How to Talk Politics with your PartnerYou know it as one of the most basic rules of etiquette. Don’t talk politics in mixed company.

It’s the forbidden topic, right?

Don’t talk about it at the dinner table. Don’t talk about it at work. Don’t talk about it in unfamiliar company.

But can you bring it up on a date?

If politics are important to you, shouldn’t you find out where he stands? Of course, you would like to. But something holds you back. It’s the fear that you might irritate each other upon discovering divergent views, no matter how small.

But what if there was a way to support HIM without supporting his views?

Okay, so imagine this scenario. The appetizer is arriving at the table. At that moment, he makes an offhand comment about an upcoming election. It’s obvious he’s a card-carrying democrat/republican. And you are very much the opposite.

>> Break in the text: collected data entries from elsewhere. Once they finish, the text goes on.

lemma composes_to_singleton:
  assumes comp: "composes_to S X" and finite: "finite (supp X)" and nonempty: "supp X \<noteq> {}"
    and atoms: "\<And>Y. Y \<in> S \<Longrightarrow> card (supp Y) = card (supp X) \<and> fst Y \<inter> snd Y = {}"
  shows "S = {X}"
proof -
  obtain xs where conf: "\<forall>Y\<in>S. \<forall>Z\<in>S. conformal Y Z" and xs: "set xs = S" "scomp_list xs = X"
    using comp unfolding composes_to_def by blast
  have supp_eq: "supp Y = supp X" if "Y \<in> S" for Y
  proof (rule card_subset_eq[OF finite])
    show "supp Y \<subseteq> supp X" using supp_subset_if_composes_to[OF comp that] .
    show "card (supp Y) = card (supp X)" using atoms[OF that] by blast
  qed
  obtain Y0 rest where xs0: "xs = Y0 # rest"
  proof (cases xs)
    case Nil
    with xs(2) have "X = ({}, {})" by (simp add: scomp_list_def)
    with nonempty show ?thesis by (simp add: supp_def)
  next
    case (Cons Y rest)
    with that show ?thesis .
  qed
  have Y0: "Y0 \<in> S" using xs(1) xs0 by auto
  have "supp (scomp_list rest) \<subseteq> supp Y0"
    using supp_eq xs(1) xs0 Y0 by (auto simp: supp_scomp_list)
  then have "X = Y0"
    using xs(2) xs0 by (simp add: scomp_absorb)
  moreover have "Y = Y0" if "Y \<in> S" for Y
  proof (rule conformal_eq_if_supp_eq)
    show "conformal Y Y0" using conf that Y0 by blast
    show "supp Y = supp Y0" using supp_eq that Y0 by simp
    show "fst Y \<inter> snd Y = {}" "fst Y0 \<inter> snd Y0 = {}" using atoms that Y0 by blast+
  qed
  ultimately show ?thesis using Y0 by blast
qed

lemma circuits_tot_card_supp:
  assumes "strict_total_order_on E lt" "Y \<in> circuits_tot lt"
  shows "card (supp Y) = 3 \<and> fst Y \<inter> snd Y = {}"
proof -
  have "irrefl lt" "trans lt"
    using assms(1) by (auto simp: strict_total_order_on_def strict_partial_order_on_def)
  from assms(2) obtain e1 e2 e3 where "(e1, e2) \<in> lt" "(e2, e3) \<in> lt"
    and Y: "Y = ({e1, e3}, {e2}) \<or> Y = ({e2}, {e1, e3})"
    unfolding circuits_tot_def by blast
  with \<open>irrefl lt\<close> \<open>trans lt\<close> have "e1 \<noteq> e2" "e2 \<noteq> e3" "e1 \<noteq> e3"
    by (auto simp: irrefl_def dest: transD)
  with Y show ?thesis by (auto simp: supp_def)
qed

lemma card_supp_star_cocircuit:
  assumes "cubic V Ed" "v \<in> V"
  shows "card (supp (star_cocircuit Ed v)) = 3"
proof -
  have "supp (star_cocircuit Ed v) = {e \<in> Ed. fst e = v \<or> snd e = v}"
    by (auto simp: supp_def star_cocircuit_def)
  with assms show ?thesis by (simp add: cubic_def)
qed

lemma twisted_graph_cubic_atoms:
  assumes cubic: "cubic V Ed" and total: "strict_total_order_on Ed lt"
    and twisted: "twisted_graph V Ed lt A"
  shows "A = star_cocircuit Ed ` V" "inj_on (star_cocircuit Ed) V"
proof -
  have circuits: "A \<subseteq> circuits_po Ed lt"
    and "\<exists>Av. A = (\<Union>v\<in>V. Av v) \<and> (\<forall>v\<in>V. \<forall>w\<in>V. v \<noteq> w \<longrightarrow> Av v \<inter> Av w = {})
           \<and> (\<forall>v\<in>V. composes_to (Av v) (star_cocircuit Ed v))"
    using twisted unfolding twisted_graph_def by (simp_all only:)
  then obtain Av where A: "A = (\<Union>v\<in>V. Av v)"
    and disj: "\<forall>v\<in>V. \<forall>w\<in>V. v \<noteq> w \<longrightarrow> Av v \<inter> Av w = {}"
    and comp: "\<forall>v\<in>V. composes_to (Av v) (star_cocircuit Ed v)"
    by blast
  have "circuits_po Ed lt \<subseteq> circuits_tot lt"
    unfolding circuits_po_def using total by blast
  with circuits have atom: "card (supp Y) = 3 \<and> fst Y \<inter> snd Y = {}" if "Y \<in> A" for Y
    using circuits_tot_card_supp[OF total] that by blast
  have Av: "Av v = {star_cocircuit Ed v}" if "v \<in> V" for v
  proof (rule composes_to_singleton)
    show "composes_to (Av v) (star_cocircuit Ed v)" using comp that by blast
    have three: "card (supp (star_cocircuit Ed v)) = 3"
      using card_supp_star_cocircuit[OF cubic that] .
    then show "finite (supp (star_cocircuit Ed v))" "supp (star_cocircuit Ed v) \<noteq> {}"
      by (auto intro: card_ge_0_finite)
    show "card (supp Y) = card (supp (star_cocircuit Ed v)) \<and> fst Y \<inter> snd Y = {}"
      if "Y \<in> Av v" for Y
    proof -
      have "Y \<in> A" using A \<open>v \<in> V\<close> that by blast
      with atom three show ?thesis by simp
    qed
  qed
  then show "A = star_cocircuit Ed ` V"
    using A by auto
  show "inj_on (star_cocircuit Ed) V"
  proof (rule inj_onI, rule ccontr)
    fix v w assume "v \<in> V" "w \<in> V" "star_cocircuit Ed v = star_cocircuit Ed w" "v \<noteq> w"
    with disj Av show False by auto
  qed
qed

You almost choke on your drink. “Tell me you’re not a democrat/republican,” you say without thinking.

“Uh, yeah,” he says. “That’s the only way to be.”

In less than 60 seconds, the two of you are in an intense debate. Now you’re wondering if you can fit a fried cheese stick in his ear.

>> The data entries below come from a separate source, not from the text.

lemma image_exp_flip_pair:
  assumes "length a = n" "length v = n" "i \<noteq> k" "i \<le> n" "k \<le> n"
    and "aug n a i \<noteq> aug n v i" "aug n a k \<noteq> aug n v k"
  shows "image_exp n (flip_pair n i k a) + image_exp n (flip_pair n i k v) = image_exp n a + image_exp n v"
proof -
  have swapped: "Poly_Mapping.single (Suc l, aug n (flip_pair n i k a) l) 1 +
      Poly_Mapping.single (Suc l, aug n (flip_pair n i k v) l) 1 =
      Poly_Mapping.single (Suc l, aug n a l) 1 + Poly_Mapping.single (Suc l, aug n v l) (1::nat)"
    if "l \<le> n" for l
  proof (cases "l = i \<or> l = k")
    case True
    then have "aug n a l \<noteq> aug n v l"
      using assms(6,7) by blast
    then have "aug n a l + 1 = aug n v l" "aug n v l + 1 = aug n a l"
      by (simp_all add: neq_2_iff[symmetric] eq_commute)
    moreover have "aug n (flip_pair n i k a) l = aug n a l + 1" "aug n (flip_pair n i k v) l = aug n v l + 1"
      using True that assms(1-5) by (simp_all add: aug_flip_pair)
    ultimately show ?thesis
      by (simp add: add.commute)
  next
    case False
    then show ?thesis
      using that assms by (simp add: aug_flip_pair)
  qed
  show ?thesis
    unfolding image_exp_def sum.distrib[symmetric] by (rule sum.cong[OF refl]) (rule swapped, simp)
qed

lemma aug_diff_flip_pair:
  assumes "length a = n" "i \<noteq> k" "i \<in> aug_diff n a b" "k \<in> aug_diff n a b"
  shows "aug_diff n (flip_pair n i k a) b = aug_diff n a b - {i, k}"
proof -
  have "i \<le> n" "k \<le> n"
    using assms(3,4) by (auto simp: aug_diff_def)
  moreover have "aug n a i + 1 = aug n b i" "aug n a k + 1 = aug n b k"
    using assms(3,4) neq_2_iff by (auto simp: aug_diff_def)
  ultimately show ?thesis
    using assms(1,2) by (auto simp: aug_diff_def aug_flip_pair split: if_split_asm)
qed

lemma obtain_two_elements:
  assumes "2 \<le> card A"
  obtains x y where "x \<in> A" "y \<in> A" "x \<noteq> y"
  using assms card_le_Suc0_iff_eq[of A] by (metis card.infinite not_less_eq_eq numeral_2_eq_2 zero_le)

text \<open>Flipping coordinates i and k of two factors a and v that differ there just swaps their
  entries in those two columns, so q_a q_v - q_a' q_v' is a quadric binomial of the toric ideal.\<close>
lemma quadric_move_closer:
  fixes \<alpha> :: "2 list \<Rightarrow>\<^sub>0 nat"
  assumes \<alpha>: "is_qmonom n \<alpha>" and a: "a \<in> Poly_Mapping.keys \<alpha>" and v: "v \<in> Poly_Mapping.keys \<alpha>"
    and two: "2 \<le> card {l\<in>aug_diff n a b. aug n v l = aug n b l}"
  shows "\<exists>\<alpha>' a'. is_qmonom n \<alpha>' \<and> a' \<in> Poly_Mapping.keys \<alpha>' \<and> toric_exp n \<alpha>' = toric_exp n \<alpha> \<and>
    quadric_equiv n \<alpha> \<alpha>' \<and> card (aug_diff n a' b) < card (aug_diff n a b)"
proof -
  obtain i k where ik: "i \<in> aug_diff n a b" "k \<in> aug_diff n a b" "i \<noteq> k"
    and vb: "aug n v i = aug n b i" "aug n v k = aug n b k"
    using two by (rule obtain_two_elements) blast
  then have av: "aug n a i \<noteq> aug n v i" "aug n a k \<noteq> aug n v k" "a \<noteq> v"
    by (auto simp: aug_diff_def)
  have len: "length a = n" "length v = n" and "i \<le> n" "k \<le> n"
    using \<alpha> a v ik by (auto simp: is_qmonom_def aug_diff_def)
  define a' v' where "a' = flip_pair n i k a" and "v' = flip_pair n i k v"
  define \<gamma> where "\<gamma> = \<alpha> - Poly_Mapping.single a 1 - Poly_Mapping.single v 1"
  define \<alpha>' where "\<alpha>' = \<gamma> + (Poly_Mapping.single a' 1 + Poly_Mapping.single v' 1)"
  have \<alpha>_eq: "\<alpha> = \<gamma> + (Poly_Mapping.single a 1 + Poly_Mapping.single v 1)"
    unfolding \<gamma>_def using a v av(3)
    by (intro poly_mapping_eqI) (auto simp: lookup_add lookup_minus lookup_single when_def in_keys_iff)
  have \<gamma>: "is_qmonom n \<gamma>"
    unfolding \<gamma>_def by (intro is_qmonom_diff \<alpha>)
  have exp_eq: "toric_exp n (Poly_Mapping.single a' 1 + Poly_Mapping.single v' 1) =
      toric_exp n (Poly_Mapping.single a 1 + Poly_Mapping.single v 1)"
    unfolding a'_def v'_def toric_exp_add toric_exp_single
    using len ik(3) \<open>i \<le> n\<close> \<open>k \<le> n\<close> av(1,2) by (rule image_exp_flip_pair)
  have "quadric_equiv n (Poly_Mapping.single a 1 + Poly_Mapping.single v 1)
      (Poly_Mapping.single a' 1 + Poly_Mapping.single v' 1)"
    using len exp_eq
    by (intro quadric_equiv_base is_qmonom_add is_qmonom_single) (simp_all add: a'_def v'_def monom_deg_add)
  then have "quadric_equiv n \<alpha> \<alpha>'"
    unfolding \<alpha>'_def by (subst \<alpha>_eq) (rule quadric_equiv_add[OF _ \<gamma>])
  moreover have "is_qmonom n \<alpha>'"
    unfolding \<alpha>'_def by (intro is_qmonom_add is_qmonom_single \<gamma>) (simp_all add: a'_def v'_def)
  moreover have "a' \<in> Poly_Mapping.keys \<alpha>'"
    by (simp add: \<alpha>'_def in_keys_iff lookup_add)
  moreover have "toric_exp n \<alpha>' = toric_exp n \<alpha>"
    by (subst \<alpha>_eq) (simp only: \<alpha>'_def toric_exp_add[of n \<gamma>] exp_eq)
  moreover have "card (aug_diff n a' b) < card (aug_diff n a b)"
    unfolding a'_def v'_def aug_diff_flip_pair[OF len(1) ik(3,1,2)]
    using ik(1) by (intro psubset_card_mono) auto
  ultimately show ?thesis
    by blast
qed

lemma sum_agreements_lower:
  fixes \<alpha> :: "2 list \<Rightarrow>\<^sub>0 nat"
  assumes a: "a \<in> Poly_Mapping.keys \<alpha>"
    and few: "\<And>v. v \<in> Poly_Mapping.keys \<alpha> \<Longrightarrow> card {l\<in>aug_diff n a b. aug n v l = aug n b l} \<le> 1"
  shows "monom_deg \<alpha> * card (aug_diff n a b) <
    (\<Sum>v\<in>Poly_Mapping.keys \<alpha>. Poly_Mapping.lookup \<alpha> v * card {l\<in>aug_diff n a b. aug n v l = aug n a l}) +
    monom_deg \<alpha>"
proof -
  define D where "D = aug_diff n a b"
  define agr where "agr v = card {l\<in>D. aug n v l = aug n a l}" for v
  have bound: "card D \<le> agr v + 1" if "v \<in> Poly_Mapping.keys \<alpha>" for v
  proof -
    have "{l\<in>D. aug n v l \<noteq> aug n a l} \<subseteq> {l\<in>D. aug n v l = aug n b l}"
      by (auto simp: D_def aug_diff_def neq_2_iff)
    then have "card {l\<in>D. aug n v l \<noteq> aug n a l} \<le> card {l\<in>D. aug n v l = aug n b l}"
      by (rule card_mono[rotated]) (simp add: D_def)
    also have "\<dots> \<le> 1"
      using few[OF that] by (simp add: D_def)
    finally have "card {l\<in>D. aug n v l \<noteq> aug n a l} \<le> 1" .
    moreover have "{l\<in>D. aug n v l = aug n a l} \<union> {l\<in>D. aug n v l \<noteq> aug n a l} = D"
      by blast
    then have "card D \<le> agr v + card {l\<in>D. aug n v l \<noteq> aug n a l}"
      unfolding agr_def using card_Un_le by metis
    ultimately show ?thesis
      by linarith
  qed
  have "Poly_Mapping.lookup \<alpha> v * card D \<le> Poly_Mapping.lookup \<alpha> v * (agr v + 1)"
    if "v \<in> Poly_Mapping.keys \<alpha>" for v
    by (rule mult_le_mono2) (rule bound[OF that])
  moreover have "Poly_Mapping.lookup \<alpha> a * card D < Poly_Mapping.lookup \<alpha> a * (agr a + 1)"
    using a by (simp add: agr_def in_keys_iff)
  ultimately have "(\<Sum>v\<in>Poly_Mapping.keys \<alpha>. Poly_Mapping.lookup \<alpha> v * card D) <
      (\<Sum>v\<in>Poly_Mapping.keys \<alpha>. Poly_Mapping.lookup \<alpha> v * (agr v + 1))"
    using a by (intro sum_strict_mono_ex1) auto
  then show ?thesis
    by (simp add: D_def agr_def monom_deg_def sum_distrib_right sum.distrib)
qed

lemma sum_agreements_upper:
  assumes b: "b \<in> Poly_Mapping.keys \<beta>"
    and few: "\<And>v. v \<in> Poly_Mapping.keys \<beta> \<Longrightarrow> card {l\<in>aug_diff n a b. aug n v l = aug n a l} \<le> 1"
  shows "(\<Sum>v\<in>Poly_Mapping.keys \<beta>. Poly_Mapping.lookup \<beta> v * card {l\<in>aug_diff n a b. aug n v l = aug n a l}) <
    monom_deg \<beta>"
  unfolding monom_deg_def
proof (rule sum_strict_mono_ex1)
  show "\<forall>v\<in>Poly_Mapping.keys \<beta>.
      Poly_Mapping.lookup \<beta> v * card {l\<in>aug_diff n a b. aug n v l = aug n a l} \<le> Poly_Mapping.lookup \<beta> v"
    using few by (simp add: mult_le_cancel1)
  have "{l\<in>aug_diff n a b. aug n b l = aug n a l} = {}"
    by (auto simp: aug_diff_def)
  then show "\<exists>v\<in>Poly_Mapping.keys \<beta>.
      Poly_Mapping.lookup \<beta> v * card {l\<in>aug_diff n a b. aug n v l = aug n a l} < Poly_Mapping.lookup \<beta> v"
    using b by (intro bexI[of _ b]) (simp_all add: in_keys_iff)
qed simp

text \<open>Count, with multiplicities, the agreements of factors with a on the coordinates where
  a and b differ; equal column counts make the totals over both sides equal. If no factor
  agreed twice with the opposite one, each factor of \<alpha> would agree with a on all but at most one
  of these coordinates and each factor of \<beta> on at most one, which is only possible if there is
  at most one such coordinate.\<close>
lemma exists_factor_agreeing_twice:
  fixes \<alpha> \<beta> :: "2 list \<Rightarrow>\<^sub>0 nat"
  assumes "is_qmonom n \<alpha>" "is_qmonom n \<beta>" "toric_exp n \<alpha> = toric_exp n \<beta>"
    and a: "a \<in> Poly_Mapping.keys \<alpha>" and b: "b \<in> Poly_Mapping.keys \<beta>" and "a \<noteq> b"
  shows "(\<exists>v\<in>Poly_Mapping.keys \<alpha>. 2 \<le> card {l\<in>aug_diff n a b. aug n v l = aug n b l}) \<or>
    (\<exists>v\<in>Poly_Mapping.keys \<beta>. 2 \<le> card {l\<in>aug_diff n b a. aug n v l = aug n a l})"
proof (rule ccontr)
  assume "\<not> ?thesis"
  then have few_\<alpha>: "\<And>v. v \<in> Poly_Mapping.keys \<alpha> \<Longrightarrow> card {l\<in>aug_diff n a b. aug n v l = aug n b l} \<le> 1"
    and few_\<beta>: "\<And>v. v \<in> Poly_Mapping.keys \<beta> \<Longrightarrow> card {l\<in>aug_diff n a b. aug n v l = aug n a l} \<le> 1"
    by (auto simp: aug_diff_commute[of n b a])
  have len: "length a = n" "length b = n"
    using assms by (auto simp: is_qmonom_def)
  have "card (aug_diff n a b) \<noteq> 0"
    using len \<open>a \<noteq> b\<close> by (simp add: aug_diff_empty_iff)
  with card_aug_diff_ne_1[OF len] have two: "2 \<le> card (aug_diff n a b)"
    by linarith
  have D: "aug_diff n a b \<subseteq> {..n}"
    by (auto simp: aug_diff_def)
  have same_sum:
    "(\<Sum>v\<in>Poly_Mapping.keys \<alpha>. Poly_Mapping.lookup \<alpha> v * card {l\<in>aug_diff n a b. aug n v l = aug n a l}) =
     (\<Sum>v\<in>Poly_Mapping.keys \<beta>. Poly_Mapping.lookup \<beta> v * card {l\<in>aug_diff n a b. aug n v l = aug n a l})"
    using sum_toric_exp_agreements[OF D, of \<alpha> a] sum_toric_exp_agreements[OF D, of \<beta> a] assms(3)
    by simp
  have "monom_deg \<alpha> = monom_deg \<beta>"
    using assms(3) by (rule monom_deg_eq_if_toric_exp_eq)
  then have "monom_deg \<alpha> * card (aug_diff n a b) < monom_deg \<alpha> * 2"
    using sum_agreements_lower[OF a few_\<alpha>] sum_agreements_upper[OF b few_\<beta>] same_sum by linarith
  with two show False
    by (meson leD mult_le_mono2)
qed

definition quadric_common_factor :: "nat \<Rightarrow> (('g::ab_group_add) list \<Rightarrow>\<^sub>0 nat) \<Rightarrow> ('g list \<Rightarrow>\<^sub>0 nat) \<Rightarrow> bool" where
  "quadric_common_factor n \<alpha> \<beta> \<longleftrightarrow> (\<exists>\<alpha>' \<beta>'. is_qmonom n \<alpha>' \<and> is_qmonom n \<beta>' \<and>
     toric_exp n \<alpha>' = toric_exp n \<alpha> \<and> toric_exp n \<beta>' = toric_exp n \<beta> \<and>
     quadric_equiv n \<alpha> \<alpha>' \<and> quadric_equiv n \<beta> \<beta>' \<and> Poly_Mapping.keys \<alpha>' \<inter> Poly_Mapping.keys \<beta>' \<noteq> {})"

It’s no better in long term relationships. In some ways, it’s worse. When you’ve been with someone a while and you stumble across a severe disagreement, things can get heated.

Like, the surface of the sun heated.

The problem is if you date someone for any real length of time these kinds of topics are going to come up. There’s going to be an election. At some point, you will discuss spiritual views. You can’t avoid important things like that.

And you can’t avoid the fact that you won’t always agree.

So what do you do when you discover your partner’s deeply held convictions don’t always match yours? How do you keep that from driving a wedge between the two of you?

How do you keep the fried cheese on the plate instead of jamming it in his ear?

I know this is going to shock you, but I advocate having a plan.

Since some kind of disagreement is inevitable, the best option is to think about how you’ll handle it when it happens instead of hoping it doesn’t. And I’ll give you a spoiler right up front.

The two of you don’t have to agree on everything.

Good news, right? Plenty of happy, successful couples don’t see eye-to-eye when it comes to politics. If you and your guy don’t agree, it doesn’t mean you’re about to split.

But how do you avoid nasty fights?

I have two suggestions.[i]

First, crank up your curiosity.

When he tells you he’s a democrat/republican, ask questions. Invite him to explain how he arrived at that position. If the issue is complex, it might even be a good idea to pause the conversation and do some research on your own.

I’m not kidding.

Don’t let one evening go to crap over a difference of opinion. If you don’t understand where he’s coming from, tell him you’ll look into it more and give his point of view some thought. Then move on.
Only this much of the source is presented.